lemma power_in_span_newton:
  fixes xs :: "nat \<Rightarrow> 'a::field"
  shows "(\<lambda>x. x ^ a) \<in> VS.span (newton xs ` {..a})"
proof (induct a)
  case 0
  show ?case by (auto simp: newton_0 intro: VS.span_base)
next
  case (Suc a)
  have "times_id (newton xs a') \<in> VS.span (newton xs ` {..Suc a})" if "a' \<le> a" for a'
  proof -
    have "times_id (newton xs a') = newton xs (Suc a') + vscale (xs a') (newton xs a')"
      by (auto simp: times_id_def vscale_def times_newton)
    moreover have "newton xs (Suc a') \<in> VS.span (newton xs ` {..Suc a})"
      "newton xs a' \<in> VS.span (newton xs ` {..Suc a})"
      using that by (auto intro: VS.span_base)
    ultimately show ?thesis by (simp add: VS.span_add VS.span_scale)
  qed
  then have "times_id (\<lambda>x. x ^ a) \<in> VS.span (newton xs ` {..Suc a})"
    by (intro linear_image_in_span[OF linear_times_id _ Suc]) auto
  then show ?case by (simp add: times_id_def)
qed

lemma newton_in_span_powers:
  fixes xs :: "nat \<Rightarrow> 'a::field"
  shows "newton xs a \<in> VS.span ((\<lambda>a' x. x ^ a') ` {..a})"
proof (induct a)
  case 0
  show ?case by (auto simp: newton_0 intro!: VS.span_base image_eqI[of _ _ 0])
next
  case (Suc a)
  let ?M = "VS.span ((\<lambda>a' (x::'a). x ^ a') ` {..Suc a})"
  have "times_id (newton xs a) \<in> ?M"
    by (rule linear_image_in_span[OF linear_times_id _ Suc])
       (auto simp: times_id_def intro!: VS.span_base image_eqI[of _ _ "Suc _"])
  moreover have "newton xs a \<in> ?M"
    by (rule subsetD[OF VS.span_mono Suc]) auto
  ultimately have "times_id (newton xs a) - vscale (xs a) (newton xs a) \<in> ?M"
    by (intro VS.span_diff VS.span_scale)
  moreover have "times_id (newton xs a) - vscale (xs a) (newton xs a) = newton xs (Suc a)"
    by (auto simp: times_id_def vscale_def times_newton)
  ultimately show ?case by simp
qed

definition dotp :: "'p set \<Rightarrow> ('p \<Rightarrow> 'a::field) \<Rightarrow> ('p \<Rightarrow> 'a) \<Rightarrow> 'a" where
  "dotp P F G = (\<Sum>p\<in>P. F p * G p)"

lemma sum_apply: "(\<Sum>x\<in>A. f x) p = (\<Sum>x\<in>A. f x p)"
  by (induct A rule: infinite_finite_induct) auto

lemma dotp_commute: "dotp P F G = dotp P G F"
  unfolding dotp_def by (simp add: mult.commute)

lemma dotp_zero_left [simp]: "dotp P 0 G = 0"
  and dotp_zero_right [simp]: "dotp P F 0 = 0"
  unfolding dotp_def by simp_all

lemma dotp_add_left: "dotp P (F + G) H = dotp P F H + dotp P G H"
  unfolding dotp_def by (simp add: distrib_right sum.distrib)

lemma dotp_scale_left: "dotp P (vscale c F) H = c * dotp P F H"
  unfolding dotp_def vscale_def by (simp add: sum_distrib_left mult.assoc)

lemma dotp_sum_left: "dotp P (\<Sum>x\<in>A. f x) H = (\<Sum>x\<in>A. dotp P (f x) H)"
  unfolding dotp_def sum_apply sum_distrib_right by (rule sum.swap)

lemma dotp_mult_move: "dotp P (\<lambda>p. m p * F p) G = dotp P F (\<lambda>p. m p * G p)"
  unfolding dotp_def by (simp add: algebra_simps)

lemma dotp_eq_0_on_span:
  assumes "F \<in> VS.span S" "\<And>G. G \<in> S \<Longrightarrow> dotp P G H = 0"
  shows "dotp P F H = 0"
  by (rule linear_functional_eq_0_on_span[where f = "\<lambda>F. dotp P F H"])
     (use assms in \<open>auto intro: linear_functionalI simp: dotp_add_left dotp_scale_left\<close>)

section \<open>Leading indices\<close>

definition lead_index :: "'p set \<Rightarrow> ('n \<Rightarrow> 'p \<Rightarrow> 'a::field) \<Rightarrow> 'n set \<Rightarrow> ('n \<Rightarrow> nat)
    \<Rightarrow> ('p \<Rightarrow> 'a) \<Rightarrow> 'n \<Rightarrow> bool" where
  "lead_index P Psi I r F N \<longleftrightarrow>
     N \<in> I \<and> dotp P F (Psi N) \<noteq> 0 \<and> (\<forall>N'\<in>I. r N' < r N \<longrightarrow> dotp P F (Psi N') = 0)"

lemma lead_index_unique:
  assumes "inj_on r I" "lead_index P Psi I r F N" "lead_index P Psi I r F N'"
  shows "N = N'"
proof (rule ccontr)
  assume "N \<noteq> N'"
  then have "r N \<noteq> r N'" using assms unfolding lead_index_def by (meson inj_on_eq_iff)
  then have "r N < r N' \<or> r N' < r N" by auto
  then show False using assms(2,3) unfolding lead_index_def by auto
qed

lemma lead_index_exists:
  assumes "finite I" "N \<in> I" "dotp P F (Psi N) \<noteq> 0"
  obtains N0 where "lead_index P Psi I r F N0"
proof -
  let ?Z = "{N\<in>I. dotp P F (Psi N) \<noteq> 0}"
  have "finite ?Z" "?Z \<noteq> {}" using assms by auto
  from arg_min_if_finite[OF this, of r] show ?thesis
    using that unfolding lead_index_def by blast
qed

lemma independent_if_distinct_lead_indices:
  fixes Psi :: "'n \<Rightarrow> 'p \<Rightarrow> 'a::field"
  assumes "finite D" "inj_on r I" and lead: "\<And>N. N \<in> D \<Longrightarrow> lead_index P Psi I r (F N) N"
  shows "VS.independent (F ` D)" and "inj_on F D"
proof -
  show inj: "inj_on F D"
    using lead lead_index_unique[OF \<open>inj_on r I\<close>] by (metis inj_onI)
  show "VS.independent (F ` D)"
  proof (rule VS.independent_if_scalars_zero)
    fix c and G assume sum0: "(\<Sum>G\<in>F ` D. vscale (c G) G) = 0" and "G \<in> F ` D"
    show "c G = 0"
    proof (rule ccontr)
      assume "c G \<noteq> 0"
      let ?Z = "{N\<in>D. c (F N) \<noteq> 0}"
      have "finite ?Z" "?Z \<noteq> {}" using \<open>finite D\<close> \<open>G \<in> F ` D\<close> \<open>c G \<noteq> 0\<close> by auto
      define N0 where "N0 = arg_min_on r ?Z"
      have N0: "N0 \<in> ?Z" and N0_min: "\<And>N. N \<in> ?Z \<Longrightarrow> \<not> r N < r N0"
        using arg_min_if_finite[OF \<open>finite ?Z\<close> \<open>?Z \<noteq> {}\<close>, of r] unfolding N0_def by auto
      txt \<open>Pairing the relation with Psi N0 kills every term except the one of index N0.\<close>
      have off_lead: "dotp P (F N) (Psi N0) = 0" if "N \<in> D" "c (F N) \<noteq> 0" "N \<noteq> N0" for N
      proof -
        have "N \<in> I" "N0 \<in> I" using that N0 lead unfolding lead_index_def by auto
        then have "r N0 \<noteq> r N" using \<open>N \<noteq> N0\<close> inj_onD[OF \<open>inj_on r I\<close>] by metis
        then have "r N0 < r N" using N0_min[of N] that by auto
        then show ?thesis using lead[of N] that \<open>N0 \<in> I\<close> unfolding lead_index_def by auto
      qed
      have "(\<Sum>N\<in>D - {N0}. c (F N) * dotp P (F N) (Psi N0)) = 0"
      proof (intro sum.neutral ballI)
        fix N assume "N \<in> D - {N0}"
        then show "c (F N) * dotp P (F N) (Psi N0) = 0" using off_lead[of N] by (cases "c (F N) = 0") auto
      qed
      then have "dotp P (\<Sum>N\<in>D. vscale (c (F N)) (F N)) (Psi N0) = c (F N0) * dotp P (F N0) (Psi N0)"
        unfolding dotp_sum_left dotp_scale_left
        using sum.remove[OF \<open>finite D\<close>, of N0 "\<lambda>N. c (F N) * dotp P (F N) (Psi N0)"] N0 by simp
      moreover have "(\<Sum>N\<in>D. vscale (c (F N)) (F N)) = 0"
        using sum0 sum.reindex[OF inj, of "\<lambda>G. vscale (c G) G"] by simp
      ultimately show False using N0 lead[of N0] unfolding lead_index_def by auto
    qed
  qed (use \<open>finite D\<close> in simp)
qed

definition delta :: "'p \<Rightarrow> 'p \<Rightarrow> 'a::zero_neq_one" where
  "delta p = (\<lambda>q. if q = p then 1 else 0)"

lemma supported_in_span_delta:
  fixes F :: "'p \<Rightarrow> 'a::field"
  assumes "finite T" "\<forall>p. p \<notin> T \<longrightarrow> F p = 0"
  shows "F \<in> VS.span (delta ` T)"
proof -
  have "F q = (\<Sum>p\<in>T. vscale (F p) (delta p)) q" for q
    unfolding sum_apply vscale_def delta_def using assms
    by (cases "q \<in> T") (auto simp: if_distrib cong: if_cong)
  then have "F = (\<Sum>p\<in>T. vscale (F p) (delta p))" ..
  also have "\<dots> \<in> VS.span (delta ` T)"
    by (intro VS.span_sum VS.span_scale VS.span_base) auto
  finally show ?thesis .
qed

□ □ □ □ □

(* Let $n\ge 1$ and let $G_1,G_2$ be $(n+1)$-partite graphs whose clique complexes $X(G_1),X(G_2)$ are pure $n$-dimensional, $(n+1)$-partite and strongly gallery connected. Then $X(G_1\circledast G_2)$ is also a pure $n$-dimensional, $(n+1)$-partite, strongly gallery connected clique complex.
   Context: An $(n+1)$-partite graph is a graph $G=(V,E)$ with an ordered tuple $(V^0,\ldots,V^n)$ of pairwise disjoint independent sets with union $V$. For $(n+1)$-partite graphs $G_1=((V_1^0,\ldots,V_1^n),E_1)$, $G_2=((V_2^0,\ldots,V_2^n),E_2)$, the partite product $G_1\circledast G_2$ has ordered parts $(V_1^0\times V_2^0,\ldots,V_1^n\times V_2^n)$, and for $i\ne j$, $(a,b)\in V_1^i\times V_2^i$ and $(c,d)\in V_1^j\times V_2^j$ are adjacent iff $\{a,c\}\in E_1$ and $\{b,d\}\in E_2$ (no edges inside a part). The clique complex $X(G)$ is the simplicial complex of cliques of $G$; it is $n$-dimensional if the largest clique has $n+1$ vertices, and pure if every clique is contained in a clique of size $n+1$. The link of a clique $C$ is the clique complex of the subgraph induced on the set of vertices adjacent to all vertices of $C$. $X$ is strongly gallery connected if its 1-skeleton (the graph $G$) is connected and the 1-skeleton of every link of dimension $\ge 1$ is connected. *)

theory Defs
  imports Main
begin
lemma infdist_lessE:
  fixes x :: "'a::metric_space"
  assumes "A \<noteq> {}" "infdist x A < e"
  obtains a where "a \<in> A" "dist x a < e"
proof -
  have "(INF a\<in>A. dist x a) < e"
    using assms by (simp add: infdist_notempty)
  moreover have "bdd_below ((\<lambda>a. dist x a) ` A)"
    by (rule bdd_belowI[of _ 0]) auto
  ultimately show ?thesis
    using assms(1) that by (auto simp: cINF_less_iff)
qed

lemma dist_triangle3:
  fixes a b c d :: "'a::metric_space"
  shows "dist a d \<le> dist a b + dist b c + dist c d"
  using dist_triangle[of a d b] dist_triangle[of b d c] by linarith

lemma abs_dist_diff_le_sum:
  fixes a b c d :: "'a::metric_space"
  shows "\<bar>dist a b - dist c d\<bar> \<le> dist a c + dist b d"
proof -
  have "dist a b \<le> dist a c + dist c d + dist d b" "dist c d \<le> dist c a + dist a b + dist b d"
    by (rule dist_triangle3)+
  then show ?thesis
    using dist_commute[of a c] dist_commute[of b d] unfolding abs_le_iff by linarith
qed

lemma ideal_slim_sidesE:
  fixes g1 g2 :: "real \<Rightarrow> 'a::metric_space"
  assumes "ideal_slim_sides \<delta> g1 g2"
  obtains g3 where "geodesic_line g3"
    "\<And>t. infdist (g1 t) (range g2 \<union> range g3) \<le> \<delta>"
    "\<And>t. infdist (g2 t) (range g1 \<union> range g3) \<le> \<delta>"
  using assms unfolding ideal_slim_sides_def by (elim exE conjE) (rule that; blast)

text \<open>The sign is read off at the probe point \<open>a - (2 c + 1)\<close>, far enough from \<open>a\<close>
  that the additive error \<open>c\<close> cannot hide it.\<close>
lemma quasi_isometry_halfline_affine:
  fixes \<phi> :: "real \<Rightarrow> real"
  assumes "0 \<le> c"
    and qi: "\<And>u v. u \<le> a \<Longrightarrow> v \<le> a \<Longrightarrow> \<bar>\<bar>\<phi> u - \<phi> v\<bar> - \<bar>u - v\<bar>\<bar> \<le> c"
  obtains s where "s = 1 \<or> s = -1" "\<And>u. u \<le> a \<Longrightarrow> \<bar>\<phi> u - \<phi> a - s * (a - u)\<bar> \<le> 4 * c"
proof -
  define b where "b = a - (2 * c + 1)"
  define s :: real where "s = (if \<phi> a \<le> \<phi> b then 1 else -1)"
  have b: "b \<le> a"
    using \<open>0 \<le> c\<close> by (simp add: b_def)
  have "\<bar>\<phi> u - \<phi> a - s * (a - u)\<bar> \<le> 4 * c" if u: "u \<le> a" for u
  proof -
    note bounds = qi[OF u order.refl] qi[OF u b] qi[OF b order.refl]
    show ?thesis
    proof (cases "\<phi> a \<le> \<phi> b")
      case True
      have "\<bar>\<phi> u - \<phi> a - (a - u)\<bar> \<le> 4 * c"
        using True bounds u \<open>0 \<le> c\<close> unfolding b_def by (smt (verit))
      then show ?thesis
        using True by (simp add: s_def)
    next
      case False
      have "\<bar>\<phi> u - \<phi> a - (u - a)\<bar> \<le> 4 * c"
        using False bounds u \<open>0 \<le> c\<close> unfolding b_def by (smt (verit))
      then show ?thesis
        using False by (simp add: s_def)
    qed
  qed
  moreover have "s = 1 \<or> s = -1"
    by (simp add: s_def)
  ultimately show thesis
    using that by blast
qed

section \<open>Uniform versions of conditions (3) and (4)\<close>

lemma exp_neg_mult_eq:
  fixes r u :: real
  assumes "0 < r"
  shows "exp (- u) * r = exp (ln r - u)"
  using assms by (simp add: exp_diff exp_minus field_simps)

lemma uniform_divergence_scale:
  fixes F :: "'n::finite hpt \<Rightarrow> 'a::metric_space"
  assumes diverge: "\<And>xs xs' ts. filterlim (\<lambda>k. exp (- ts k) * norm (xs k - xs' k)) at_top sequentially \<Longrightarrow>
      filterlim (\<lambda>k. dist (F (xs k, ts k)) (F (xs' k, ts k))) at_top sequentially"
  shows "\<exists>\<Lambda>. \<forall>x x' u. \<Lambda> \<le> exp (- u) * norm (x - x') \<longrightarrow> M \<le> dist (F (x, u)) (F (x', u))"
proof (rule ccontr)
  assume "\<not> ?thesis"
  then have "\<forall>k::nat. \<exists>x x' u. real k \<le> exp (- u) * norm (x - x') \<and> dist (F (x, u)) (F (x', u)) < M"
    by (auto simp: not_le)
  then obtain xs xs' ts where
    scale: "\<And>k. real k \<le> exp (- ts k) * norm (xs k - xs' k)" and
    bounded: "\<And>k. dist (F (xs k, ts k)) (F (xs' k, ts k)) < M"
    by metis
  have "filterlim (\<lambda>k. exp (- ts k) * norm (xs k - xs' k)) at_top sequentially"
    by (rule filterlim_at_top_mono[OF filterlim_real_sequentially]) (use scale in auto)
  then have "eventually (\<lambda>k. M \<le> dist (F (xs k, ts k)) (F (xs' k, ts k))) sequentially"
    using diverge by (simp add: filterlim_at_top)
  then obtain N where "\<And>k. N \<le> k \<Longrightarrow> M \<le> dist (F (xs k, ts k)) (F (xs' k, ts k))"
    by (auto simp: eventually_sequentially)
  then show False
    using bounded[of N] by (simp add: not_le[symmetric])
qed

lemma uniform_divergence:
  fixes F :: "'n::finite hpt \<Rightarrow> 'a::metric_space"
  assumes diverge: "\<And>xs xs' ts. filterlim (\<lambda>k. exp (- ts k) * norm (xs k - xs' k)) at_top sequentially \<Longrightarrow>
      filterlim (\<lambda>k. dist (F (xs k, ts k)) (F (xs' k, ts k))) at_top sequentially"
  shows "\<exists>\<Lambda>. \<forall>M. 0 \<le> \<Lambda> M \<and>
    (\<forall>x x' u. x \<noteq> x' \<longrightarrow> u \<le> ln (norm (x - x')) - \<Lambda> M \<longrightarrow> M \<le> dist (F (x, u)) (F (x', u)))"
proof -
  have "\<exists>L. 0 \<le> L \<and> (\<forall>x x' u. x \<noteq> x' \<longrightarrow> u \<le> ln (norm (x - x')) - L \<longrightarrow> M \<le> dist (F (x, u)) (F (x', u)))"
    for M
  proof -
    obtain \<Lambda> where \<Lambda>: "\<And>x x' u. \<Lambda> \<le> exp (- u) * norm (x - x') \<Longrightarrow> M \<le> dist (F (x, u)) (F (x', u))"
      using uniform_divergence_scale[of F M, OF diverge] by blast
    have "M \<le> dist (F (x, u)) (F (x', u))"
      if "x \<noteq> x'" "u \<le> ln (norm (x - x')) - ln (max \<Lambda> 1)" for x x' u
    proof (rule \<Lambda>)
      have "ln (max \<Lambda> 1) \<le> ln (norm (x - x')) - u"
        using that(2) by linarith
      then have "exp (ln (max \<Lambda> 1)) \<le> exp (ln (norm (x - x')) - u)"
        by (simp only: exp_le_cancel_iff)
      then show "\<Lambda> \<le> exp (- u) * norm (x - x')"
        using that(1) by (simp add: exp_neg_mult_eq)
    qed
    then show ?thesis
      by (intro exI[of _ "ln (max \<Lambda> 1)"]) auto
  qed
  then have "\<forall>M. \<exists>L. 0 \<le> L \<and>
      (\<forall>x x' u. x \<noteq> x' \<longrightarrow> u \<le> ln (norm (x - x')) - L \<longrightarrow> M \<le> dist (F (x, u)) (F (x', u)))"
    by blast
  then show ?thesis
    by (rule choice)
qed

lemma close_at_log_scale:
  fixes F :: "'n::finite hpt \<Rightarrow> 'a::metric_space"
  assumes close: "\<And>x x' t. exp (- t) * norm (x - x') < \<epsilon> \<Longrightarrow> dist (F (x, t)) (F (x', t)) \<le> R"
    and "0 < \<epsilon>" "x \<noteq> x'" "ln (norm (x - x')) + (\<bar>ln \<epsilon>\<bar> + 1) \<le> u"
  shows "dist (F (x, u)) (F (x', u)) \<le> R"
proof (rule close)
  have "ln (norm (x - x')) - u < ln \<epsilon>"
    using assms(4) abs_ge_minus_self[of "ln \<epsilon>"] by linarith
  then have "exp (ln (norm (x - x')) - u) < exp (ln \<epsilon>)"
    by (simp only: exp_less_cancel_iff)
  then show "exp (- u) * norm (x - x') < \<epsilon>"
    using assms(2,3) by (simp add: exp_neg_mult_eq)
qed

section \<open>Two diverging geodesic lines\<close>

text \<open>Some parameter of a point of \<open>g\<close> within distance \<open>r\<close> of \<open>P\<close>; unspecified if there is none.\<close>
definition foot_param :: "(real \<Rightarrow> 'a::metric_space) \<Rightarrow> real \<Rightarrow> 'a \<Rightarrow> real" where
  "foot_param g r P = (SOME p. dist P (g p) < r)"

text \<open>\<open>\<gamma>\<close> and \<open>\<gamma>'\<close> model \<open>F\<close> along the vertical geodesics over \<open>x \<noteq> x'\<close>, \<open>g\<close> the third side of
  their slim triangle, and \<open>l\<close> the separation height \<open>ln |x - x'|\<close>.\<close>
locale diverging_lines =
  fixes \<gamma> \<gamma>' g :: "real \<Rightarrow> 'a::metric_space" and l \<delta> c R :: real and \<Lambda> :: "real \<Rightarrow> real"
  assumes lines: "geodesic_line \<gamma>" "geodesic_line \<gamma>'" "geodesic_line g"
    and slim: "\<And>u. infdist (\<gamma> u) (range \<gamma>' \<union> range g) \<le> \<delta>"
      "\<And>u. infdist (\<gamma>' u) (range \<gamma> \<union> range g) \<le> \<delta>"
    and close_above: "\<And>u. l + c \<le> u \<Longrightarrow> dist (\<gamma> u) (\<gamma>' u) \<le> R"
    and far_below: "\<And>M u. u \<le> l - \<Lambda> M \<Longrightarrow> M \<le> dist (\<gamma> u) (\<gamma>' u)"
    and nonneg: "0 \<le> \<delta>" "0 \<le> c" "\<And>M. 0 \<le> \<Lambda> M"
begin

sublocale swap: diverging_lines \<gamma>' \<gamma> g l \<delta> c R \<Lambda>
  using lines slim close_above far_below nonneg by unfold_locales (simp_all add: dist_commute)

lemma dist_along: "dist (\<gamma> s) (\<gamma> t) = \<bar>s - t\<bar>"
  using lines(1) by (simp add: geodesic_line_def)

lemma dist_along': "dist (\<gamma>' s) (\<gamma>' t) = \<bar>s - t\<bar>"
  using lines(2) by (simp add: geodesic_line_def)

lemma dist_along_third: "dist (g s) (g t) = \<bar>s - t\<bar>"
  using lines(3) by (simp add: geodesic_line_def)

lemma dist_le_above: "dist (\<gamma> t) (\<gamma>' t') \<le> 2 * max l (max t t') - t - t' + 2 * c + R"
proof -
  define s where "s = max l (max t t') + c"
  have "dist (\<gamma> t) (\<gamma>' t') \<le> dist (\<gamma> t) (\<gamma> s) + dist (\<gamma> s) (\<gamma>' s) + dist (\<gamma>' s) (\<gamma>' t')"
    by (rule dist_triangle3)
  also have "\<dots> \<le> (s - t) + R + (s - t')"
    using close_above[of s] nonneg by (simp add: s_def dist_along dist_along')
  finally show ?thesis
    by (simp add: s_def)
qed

□ □ □ □ □

EXERCISE INSTRUCTIONS: Which lines of the records above contain the word "blast"? Copy each of them.

SOLUTION TO THIS TASK:
    using that unfolding lead_index_def by blast
  using assms unfolding ideal_slim_sides_def by (elim exE conjE) (rule that; blast)
    using that by blast
      using uniform_divergence_scale[of F M, OF diverge] by blast
    by blast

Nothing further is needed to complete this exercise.